The City of Los Angeles decriminalized sidewalk vending in 2017, establishing a permitting fee of $541. On June 28, 2024, the Los Angeles City Council voted to approve an ordinance reducing the annual fee for street vending permits from $541 to $27.51.
Los Angeles Councilmembers Nithya Raman and Curren Price initiated the motion for a restudy of fees applied to street vending in June 2022. The new price ordinance took into consideration the average annual income of street vendors.

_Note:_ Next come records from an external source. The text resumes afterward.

(* Let $A,B\in\mathcal{B}(\mathcal{H})$ and let $B=X+iY$ be the Cartesian decomposition of $B$. Then: (i) if $XY+YX=0$, then $w(AB\pm BA^* )\leq 2\|A\|\max\{w^{1/2}(X^2),w^{1/2}(Y^2)\}$; (ii) if $B$ is self-adjoint, then $w(AB\pm BA^* )\leq 2\|A\|\,w^{1/2}(X^2)$; (iii) if $B$ is self-adjoint, then $w(AB)\leq\|A\|\,w^{1/2}(X^2)$.
   Context: $\mathcal{H}$ is a complex Hilbert space, $\mathcal{B}(\mathcal{H})$ the bounded linear operators on it, $w$ the numerical radius, $\|\cdot\|$ the operator norm. The Cartesian decomposition $B=X+iY$ means $X=\frac{B+B^*}{2}$, $Y=\frac{B-B^*}{2i}$ (both self-adjoint). *)

theory Defs
  imports "HOL-Analysis.Analysis"
begin

class complex_vector = real_vector +
  fixes scaleC :: "complex \<Rightarrow> 'a \<Rightarrow> 'a" (infixr \<open>*\<^sub>C\<close> 75)
  assumes scaleC_add_right: "a *\<^sub>C (x + y) = a *\<^sub>C x + a *\<^sub>C y"
    and scaleC_add_left: "(a + b) *\<^sub>C x = a *\<^sub>C x + b *\<^sub>C x"
    and scaleC_scaleC: "a *\<^sub>C (b *\<^sub>C x) = (a * b) *\<^sub>C x"
    and scaleC_one: "1 *\<^sub>C x = x"
    and scaleR_scaleC: "scaleR r x = complex_of_real r *\<^sub>C x"

class complex_inner = complex_vector + real_normed_vector +
  fixes cinner :: "'a \<Rightarrow> 'a \<Rightarrow> complex"
  assumes cinner_commute: "cinner x y = cnj (cinner y x)"
    and cinner_add_left: "cinner (x + y) z = cinner x z + cinner y z"
    and cinner_scaleC_left: "cinner (a *\<^sub>C x) y = a * cinner x y"
    and cinner_real: "Im (cinner x x) = 0"
    and cinner_ge_zero: "0 \<le> Re (cinner x x)"
    and cinner_eq_zero_iff: "cinner x x = 0 \<longleftrightarrow> x = 0"
    and norm_eq_sqrt_cinner: "norm x = sqrt (Re (cinner x x))"

class chilbert_space = complex_inner + complete_space

definition clinear :: "('a::complex_vector \<Rightarrow> 'b::complex_vector) \<Rightarrow> bool" where
  "clinear f \<longleftrightarrow> (\<forall>x y. f (x + y) = f x + f y) \<and> (\<forall>c x. f (c *\<^sub>C x) = c *\<^sub>C f x)"

definition bounded_clinear :: "('a::complex_inner \<Rightarrow> 'b::complex_inner) \<Rightarrow> bool" where
  "bounded_clinear f \<longleftrightarrow> clinear f \<and> (\<exists>K. \<forall>x. norm (f x) \<le> norm x * K)"

definition is_adjoint :: "('a::complex_inner \<Rightarrow> 'a) \<Rightarrow> ('a \<Rightarrow> 'a) \<Rightarrow> bool" where
  "is_adjoint T S \<longleftrightarrow> (\<forall>x y. cinner (T x) y = cinner x (S y))"

text \<open>The Hilbert space adjoint T* (it exists and is unique for bounded T).\<close>
definition adj :: "('a::complex_inner \<Rightarrow> 'a) \<Rightarrow> ('a \<Rightarrow> 'a)" where
  "adj T = (THE S. is_adjoint T S)"

text \<open>Numerical radius w(T) = sup{|<Tx,x>| : ||x|| = 1}; the extra 0 only
  matters for the trivial space (where w(T) = 0).\<close>
definition numrad :: "('a::complex_inner \<Rightarrow> 'a) \<Rightarrow> real" where
  "numrad T = Sup (insert 0 {cmod (cinner (T x) x) | x. norm x = 1})"

end

theory Submission
  imports Defs
begin

text \<open>For a unit vector \<open>x\<close> put \<open>y = A\<^sup>* x\<close>, \<open>u = X x\<close>, \<open>v = Y x\<close>. Since
  \<open>B = X + \<i> Y\<close> and \<open>B\<^sup>* = X - \<i> Y\<close>,
  \<open>\<langle>(AB + BA\<^sup>*) x, x\<rangle> = \<langle>u + \<i> v, y\<rangle> + \<langle>y, u - \<i> v\<rangle> = 2 Re \<langle>u, y\<rangle> + 2\<i> Re \<langle>v, y\<rangle>\<close>,
  and the difference \<open>AB - BA\<^sup>*\<close> is handled the same way with \<open>\<i> y\<close> in place of \<open>y\<close>.
  If \<open>XY + YX = 0\<close> then \<open>Re \<langle>u, v\<rangle> = 0\<close>, and a Bessel-type inequality bounds
  \<open>(Re \<langle>u, y\<rangle>)\<^sup>2 + (Re \<langle>v, y\<rangle>)\<^sup>2\<close> by \<open>max (\<parallel>u\<parallel>\<^sup>2) (\<parallel>v\<parallel>\<^sup>2) \<parallel>y\<parallel>\<^sup>2\<close>; finally
  \<open>\<parallel>X x\<parallel>\<^sup>2 = \<langle>X\<^sup>2 x, x\<rangle> \<le> w(X\<^sup>2)\<close> and \<open>\<parallel>y\<parallel> \<le> \<parallel>A\<parallel>\<close>. For self-adjoint \<open>B\<close> we have
  \<open>Y = 0\<close>, and (iii) is Cauchy-Schwarz for \<open>\<langle>B x, A\<^sup>* x\<rangle>\<close>. The adjoint itself comes from
  the Riesz representation theorem, via the element of minimal norm in a closed hyperplane.\<close>

section \<open>Complex inner product spaces\<close>

lemma scaleC_zero_right [simp]: "a *\<^sub>C (0::'a::complex_vector) = 0"
  using scaleC_add_right[of a "0::'a" 0] by simp

lemma scaleC_zero_left [simp]: "0 *\<^sub>C (x::'a::complex_vector) = 0"
  using scaleR_scaleC[of 0 x] by simp

lemma scaleC_minus_left: "(- a) *\<^sub>C x = - (a *\<^sub>C (x::'a::complex_vector))"
  using scaleC_add_left[of a "- a" x] by (simp add: add_eq_0_iff)

lemma scaleC_minus_right: "a *\<^sub>C (- x) = - (a *\<^sub>C (x::'a::complex_vector))"
  using scaleC_add_right[of a x "- x"] by (simp add: add_eq_0_iff)

lemma scaleC_diff_right: "a *\<^sub>C (x - y) = a *\<^sub>C x - a *\<^sub>C (y::'a::complex_vector)"
  using scaleC_add_right[of a x "- y"] scaleC_minus_right[of a y] by simp

lemma scaleC_half_add_half [simp]: "(1/2) *\<^sub>C x + (1/2) *\<^sub>C x = (x::'a::complex_vector)"
  using scaleC_add_left[of "1/2" "1/2" x] by (simp add: scaleC_one)

lemma cinner_add_right: "cinner x (y + z) = cinner x y + cinner (x::'a::complex_inner) z"
  by (metis cinner_add_left cinner_commute complex_cnj_add)

lemma cinner_scaleC_right: "cinner x (a *\<^sub>C y) = cnj a * cinner x (y::'a::complex_inner)"
  by (metis cinner_commute cinner_scaleC_left complex_cnj_mult)

lemma cinner_zero_left [simp]: "cinner 0 (y::'a::complex_inner) = 0"
  using cinner_add_left[of "0::'a" 0 y] by simp

lemma cinner_zero_right [simp]: "cinner x (0::'a::complex_inner) = 0"
  using cinner_add_right[of x "0::'a" 0] by simp

lemma cinner_minus_left: "cinner (- x) y = - cinner x (y::'a::complex_inner)"
  using cinner_add_left[of x "- x" y] by (simp add: add_eq_0_iff)

lemma cinner_minus_right: "cinner x (- y) = - cinner x (y::'a::complex_inner)"
  using cinner_add_right[of x y "- y"] by (simp add: add_eq_0_iff)

lemma cinner_diff_left: "cinner (x - y) z = cinner x z - cinner y (z::'a::complex_inner)"
  using cinner_add_left[of x "- y" z] cinner_minus_left[of y z] by simp

lemma cinner_diff_right: "cinner x (y - z) = cinner x y - cinner x (z::'a::complex_inner)"
  using cinner_add_right[of x y "- z"] cinner_minus_right[of x z] by simp

lemma cinner_scaleR_left: "cinner (r *\<^sub>R x) y = of_real r * cinner x (y::'a::complex_inner)"
  by (simp add: scaleR_scaleC cinner_scaleC_left)

lemma cinner_scaleR_right: "cinner x (r *\<^sub>R y) = of_real r * cinner x (y::'a::complex_inner)"
  by (simp add: scaleR_scaleC cinner_scaleC_right)

lemma cinner_self: "cinner x x = complex_of_real ((norm (x::'a::complex_inner))\<^sup>2)"
proof -
  have "(norm x)\<^sup>2 = Re (cinner x x)"
    using norm_eq_sqrt_cinner[of x] cinner_ge_zero[of x] by simp
  then show ?thesis using cinner_real[of x] by (simp add: complex_eqI)
qed

lemma power2_norm_eq_Re_cinner: "(norm (x::'a::complex_inner))\<^sup>2 = Re (cinner x x)"
  by (simp add: cinner_self)

lemma cinner_ext_right:
  assumes "\<And>z. cinner z x = cinner z (y::'a::complex_inner)"
  shows "x = y"
proof -
  have "cinner (x - y) (x - y) = 0"
    using assms[of "x - y"] by (simp add: cinner_diff_right)
  then show ?thesis by (simp add: cinner_eq_zero_iff)
qed

lemma norm_scaleC: "norm (a *\<^sub>C (x::'a::complex_inner)) = cmod a * norm x"
proof -
  have "(norm (a *\<^sub>C x))\<^sup>2 = Re (a * cnj a * cinner x x)"
    by (simp add: power2_norm_eq_Re_cinner cinner_scaleC_left cinner_scaleC_right algebra_simps)
  also have "\<dots> = (cmod a * norm x)\<^sup>2"
    by (metis Re_complex_of_real cinner_self complex_norm_square of_real_mult power_mult_distrib)
  finally show ?thesis
    by (metis norm_ge_zero power2_eq_imp_eq zero_le_mult_iff)
qed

The rule aims to decrease the amount of illegal street vending, according to the city website.
“The City Council’s decision to lower the annual vending permit fee marks a crucial stride towards equity and fairness for our vibrant community of street vendors in Los Angeles,” Price said in an interview for the Los Angeles City Council. “By acknowledging the financial realities that these vendors face, we are honoring their hard work and dedication. This ordinance will alleviate financial burdens, allowing more vendors to comply with regulations and cultivate an inclusive, supportive environment.”

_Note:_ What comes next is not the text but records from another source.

lemma sum_unit_vector_combination:
  fixes w :: "nat \<Rightarrow> 'a::real_vector"
  assumes "i < r"
  shows "(\<Sum>j<r. (0(i := 1)) j *\<^sub>R w j) = w i"
proof -
  have "(\<Sum>j<r. (0(i := 1)) j *\<^sub>R w j) = (\<Sum>j<r. if j = i then w j else 0)"
    by (rule sum.cong) auto
  then show ?thesis using assms by (simp add: sum.delta)
qed

section \<open>Echelon families of coefficient vectors\<close>

definition echelon_family ::
  "nat \<Rightarrow> nat \<Rightarrow> (nat \<Rightarrow> nat) \<Rightarrow> (nat \<Rightarrow> nat \<Rightarrow> real) \<Rightarrow> bool" where
  "echelon_family r t k s \<longleftrightarrow>
     (\<forall>l<t. s l \<in> tuples r) \<and> (\<forall>l<t. \<forall>l'<t. s l (k l') = (if l = l' then 1 else 0))"

lemma echelon_family_pivot_less:
  assumes "echelon_family r t k s" "l < t"
  shows "k l < r"
proof (rule ccontr)
  assume "\<not> k l < r"
  then have "s l (k l) = 0" using assms by (auto simp: echelon_family_def tuples_def)
  then show False using assms by (simp add: echelon_family_def)
qed

lemma echelon_family_pivot_vectors:
  assumes "echelon_family r t k s"
  shows "echelon_family r t k (\<lambda>l. 0(k l := 1))"
proof -
  have "k l = k l' \<longleftrightarrow> l = l'" if "l < t" "l' < t" for l l'
    using assms that unfolding echelon_family_def by (metis zero_neq_one)
  then show ?thesis
    using echelon_family_pivot_less[OF assms] by (fastforce simp: echelon_family_def tuples_def)
qed

lemma dim_le_Suc_dim_coordinate_kernel:
  fixes S :: "(nat \<Rightarrow> real) set"
  assumes "subspace S" "S \<subseteq> tuples r"
  shows "dim S \<le> Suc (dim {b\<in>S. b k = 0})"
proof -
  have "linear (\<lambda>b::nat \<Rightarrow> real. b k)" by (rule linearI) simp_all
  then have "dim S \<le> dim ((\<lambda>b. b k) ` S) + dim {b\<in>S. b k = 0}"
    using assms by (intro dim_le_dim_image_add_dim_kernel[where F = "unit_tuples {..<r}"])
      (simp_all add: tuples_eq_span)
  moreover have "dim ((\<lambda>b::nat \<Rightarrow> real. b k) ` S) \<le> 1"
    using dim_subset_UNIV[of "(\<lambda>b::nat \<Rightarrow> real. b k) ` S"] by simp
  ultimately show ?thesis by linarith
qed

lemma echelon_family_exists:
  assumes "subspace S" "S \<subseteq> tuples r" "t \<le> dim S"
  shows "\<exists>k s. echelon_family r t k s \<and> (\<forall>l<t. s l \<in> S)"
  using assms
proof (induction t arbitrary: S)
  case 0
  then show ?case by (simp add: echelon_family_def)
next
  case (Suc t)
  have "\<not> S \<subseteq> span {}"
    using dim_le_card[of S "{}"] Suc.prems(3) by auto
  then obtain s0 where s0: "s0 \<in> S" "s0 \<noteq> 0" by auto
  then obtain k0 where k0: "s0 k0 \<noteq> 0" by (auto simp: fun_eq_iff)
  define S' where "S' = {b\<in>S. b k0 = 0}"
  have "subspace S'" using Suc.prems(1) by (auto simp: S'_def subspace_def)
  moreover have "S' \<subseteq> tuples r" using Suc.prems(2) by (auto simp: S'_def)
  moreover have "t \<le> dim S'"
    using dim_le_Suc_dim_coordinate_kernel[OF Suc.prems(1,2), of k0] Suc.prems(3) by (simp add: S'_def)
  ultimately obtain k s where ks: "echelon_family r t k s" "\<forall>l<t. s l \<in> S'"
    using Suc.IH by blast
  have sk0: "s l k0 = 0" if "l < t" for l using ks(2) that by (simp add: S'_def)
  define s1 where "s1 = (1 / s0 k0) *\<^sub>R s0"
  define s2 where "s2 = s1 - (\<Sum>m<t. s1 (k m) *\<^sub>R s m)"
  have s2S: "s2 \<in> S"
    unfolding s2_def s1_def using s0(1) ks(2) Suc.prems(1)
    by (intro subspace_diff subspace_sum subspace_scale) (auto simp: S'_def)
  have s2k0: "s2 k0 = 1"
    using k0 sk0 by (simp add: s2_def s1_def sum_fun_apply)
  have s2k: "s2 (k l) = 0" if "l < t" for l
  proof -
    have "(\<Sum>m<t. s1 (k m) * s m (k l)) = (\<Sum>m<t. if m = l then s1 (k m) else 0)"
      using ks(1) that by (intro sum.cong) (auto simp: echelon_family_def)
    then show ?thesis using that by (simp add: s2_def sum_fun_apply)
  qed
  have "case_nat s2 s l (case_nat k0 k l') = (if l = l' then 1 else 0)"
    if "l < Suc t" "l' < Suc t" for l l'
    using that ks(1) sk0 s2k0 s2k by (cases l; cases l') (auto simp: echelon_family_def)
  then have "echelon_family r (Suc t) (case_nat k0 k) (case_nat s2 s) \<and>
      (\<forall>l<Suc t. case_nat s2 s l \<in> S)"
    using ks s2S Suc.prems(2) unfolding echelon_family_def
    by (auto simp: S'_def less_Suc_eq_0_disj)
  then show ?case by blast
qed

section \<open>Real division algebras\<close>

lemma real_division_algebra_mult_eq_0_iff:
  assumes "real_division_algebra m"
  shows "m a b = 0 \<longleftrightarrow> a = 0 \<or> b = 0"
proof -
  have bil: "bilinear m" and bij: "a \<noteq> 0 \<Longrightarrow> bij (m a)" for a
    using assms by (auto simp: real_division_algebra_def)
  have "b = 0" if "a \<noteq> 0" "m a b = m a 0"
    using that bij[OF that(1)] by (auto dest: bij_is_inj injD)
  then show ?thesis by (auto simp: bilinear_lzero[OF bil] bilinear_rzero[OF bil])
qed

lemma continuous_on_det_mat:
  fixes F :: "real \<Rightarrow> nat \<times> nat \<Rightarrow> real"
  assumes "\<And>i j. continuous_on S (\<lambda>t. F t (i, j))"
  shows "continuous_on S (\<lambda>t. det (mat N N (F t)))"
proof -
  have "det (mat N N (F t)) =
      (\<Sum>p \<in> {p. p permutes {0..<N}}. of_int (sign p) * (\<Prod>i = 0..<N. F t (i, p i)))" for t
  proof -
    have "det (mat N N (F t)) =
        (\<Sum>p \<in> {p. p permutes {0..<N}}. of_int (sign p) * (\<Prod>i = 0..<N. mat N N (F t) $$ (i, p i)))"
      by (rule det_def') auto
    also have "\<dots> = (\<Sum>p \<in> {p. p permutes {0..<N}}. of_int (sign p) * (\<Prod>i = 0..<N. F t (i, p i)))"
      by (intro sum.cong prod.cong refl) (auto simp: permutes_in_image)
    finally show ?thesis .
  qed
  then show ?thesis by (simp only:) (intro continuous_intros assms)
qed

lemma det_mat_of_injective_linear_neq_0:
  fixes f :: "'a::euclidean_space \<Rightarrow> 'a"
  assumes f: "linear f" "inj f" and bs: "set bs = Basis" "distinct bs"
  shows "det (mat (length bs) (length bs) (\<lambda>(i, j). inner (f (bs ! j)) (bs ! i))) \<noteq> 0"
    (is "det ?M \<noteq> 0")
proof
  define N where "N = length bs"
  have bs_inner: "inner (bs ! i) (bs ! j) = (if i = j then 1 else 0)" if "i < N" "j < N" for i j
    using that bs nth_mem[of i bs] nth_mem[of j bs]
    by (auto simp: N_def inner_Basis nth_eq_iff_index_eq)
  assume "det ?M = 0"
  then obtain v where v: "v \<in> carrier_vec N" "v \<noteq> 0\<^sub>v N" "?M *\<^sub>v v = 0\<^sub>v N"
    using det_0_iff_vec_prod_zero[of ?M N] by (auto simp: N_def)
  define y where "y = (\<Sum>j<N. v $ j *\<^sub>R bs ! j)"
  have y_coord: "inner y (bs ! i) = v $ i" if "i < N" for i
  proof -
    have "inner y (bs ! i) = (\<Sum>j<N. if j = i then v $ j else 0)"
      unfolding y_def inner_sum_left using that by (intro sum.cong) (auto simp: bs_inner)
    then show ?thesis using that by simp
  qed
  have "f y = 0"
  proof (rule euclidean_eqI)
    fix b :: 'a assume "b \<in> Basis"
    then obtain i where i: "i < N" "b = bs ! i" using bs(1) by (metis N_def in_set_conv_nth)
    have "inner (f y) (bs ! i) = (\<Sum>j<N. v $ j * inner (f (bs ! j)) (bs ! i))"
      by (simp add: y_def linear_sum[OF f(1)] linear_scale[OF f(1)] inner_sum_left)
    also have "\<dots> = (?M *\<^sub>v v) $ i"
      using i v(1) by (simp add: N_def mult_mat_vec_def scalar_prod_def lessThan_atLeast0 mult.commute)
    finally show "inner (f y) b = inner 0 b" using v(3) i by simp
  qed
  moreover have "y \<noteq> 0"
  proof
    assume "y = 0"
    then have "v = 0\<^sub>v N" using v(1) y_coord by (intro eq_vecI) auto
    with v(2) show False ..
  qed
  ultimately show False using f linear_0[OF f(1)] by (metis injD)
qed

Ken Lee owns a Korean street food stand located on Lincoln Boulevard and previously owned a restaurant, Kings Garden, in Chicago. Lee said his stand aims to bring authentic Korean food to the streets of Los Angeles. Korea has a background and abundance of street food that often goes unrecognized in Los Angeles, he said.

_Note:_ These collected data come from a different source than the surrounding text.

lemma \<mu>_combination:
  assumes q: "q \<in> J - T"
  shows "\<mu> q (combination k) = k q"
proof -
  interpret \<mu>: group_hom H integer_group "\<mu> q"
    using \<mu>_hom[OF q] by (simp add: group_hom_def group_hom_axioms_def is_group)
  have "\<mu> q (combination k) = (\<Sum>j\<in>J. k j * \<mu> q (g j))"
    unfolding combination_def
    using g_closed by (simp add: hom_finprod[OF abelian_integer_group \<mu>_hom[OF q]] Pi_iff
        g_pow_closed finprod_integer_group \<mu>.hom_int_pow subsetD)
  also have "\<dots> = (\<Sum>j\<in>J. if j = q then k j else 0)"
    using q by (intro sum.cong) (simp_all add: \<mu>_g)
  also have "\<dots> = k q"
    using q finite_J by simp
  finally show ?thesis .
qed

lemma \<nu>_combination:
  assumes q: "q \<in> T"
  shows "\<nu> q (combination k) = k q mod 2"
proof -
  interpret \<nu>: group_hom H "integer_mod_group 2" "\<nu> q"
    using \<nu>_hom[OF q] by (simp add: group_hom_def group_hom_axioms_def is_group)
  have "\<nu> q (combination k) = (\<Sum>j\<in>J. k j * \<nu> q (g j) mod 2) mod 2"
    unfolding combination_def
    using g_closed by (simp add: hom_finprod[OF abelian_integer_mod_group \<nu>_hom[OF q]] Pi_iff
        g_pow_closed finprod_integer_mod_group \<nu>.hom_int_pow int_pow_integer_mod_group
        carrier_integer_mod_group subsetD)
  also have "\<dots> = (\<Sum>j\<in>J. if j = q then k j mod 2 else 0) mod 2"
    using q by (intro arg_cong[where f = "\<lambda>x. x mod 2"] sum.cong) (simp_all add: \<nu>_g)
  also have "\<dots> = k q mod 2"
    using q T_subset finite_J by (simp add: subsetD)
  finally show ?thesis .
qed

“It is the first time that we are doing Korean street food,” Lee said. “We are trying to bring out authentic Korean food as well as a fusion version of it, because Korea has a lot of street food, and people are not recognizing it, so we are trying to promote that as well.”
Oscar Cerventas is a monthly street food connoisseur and chef in Los Angeles. He has worked in fine dining at restaurants such as Nobu, Heirloom and Patina group. Cerventas said he is very experienced with street food culture, having grown up in Long Beach. Street vending felt foreign compared to the restaurants because of the inconsistent and unreliable aspects, he said.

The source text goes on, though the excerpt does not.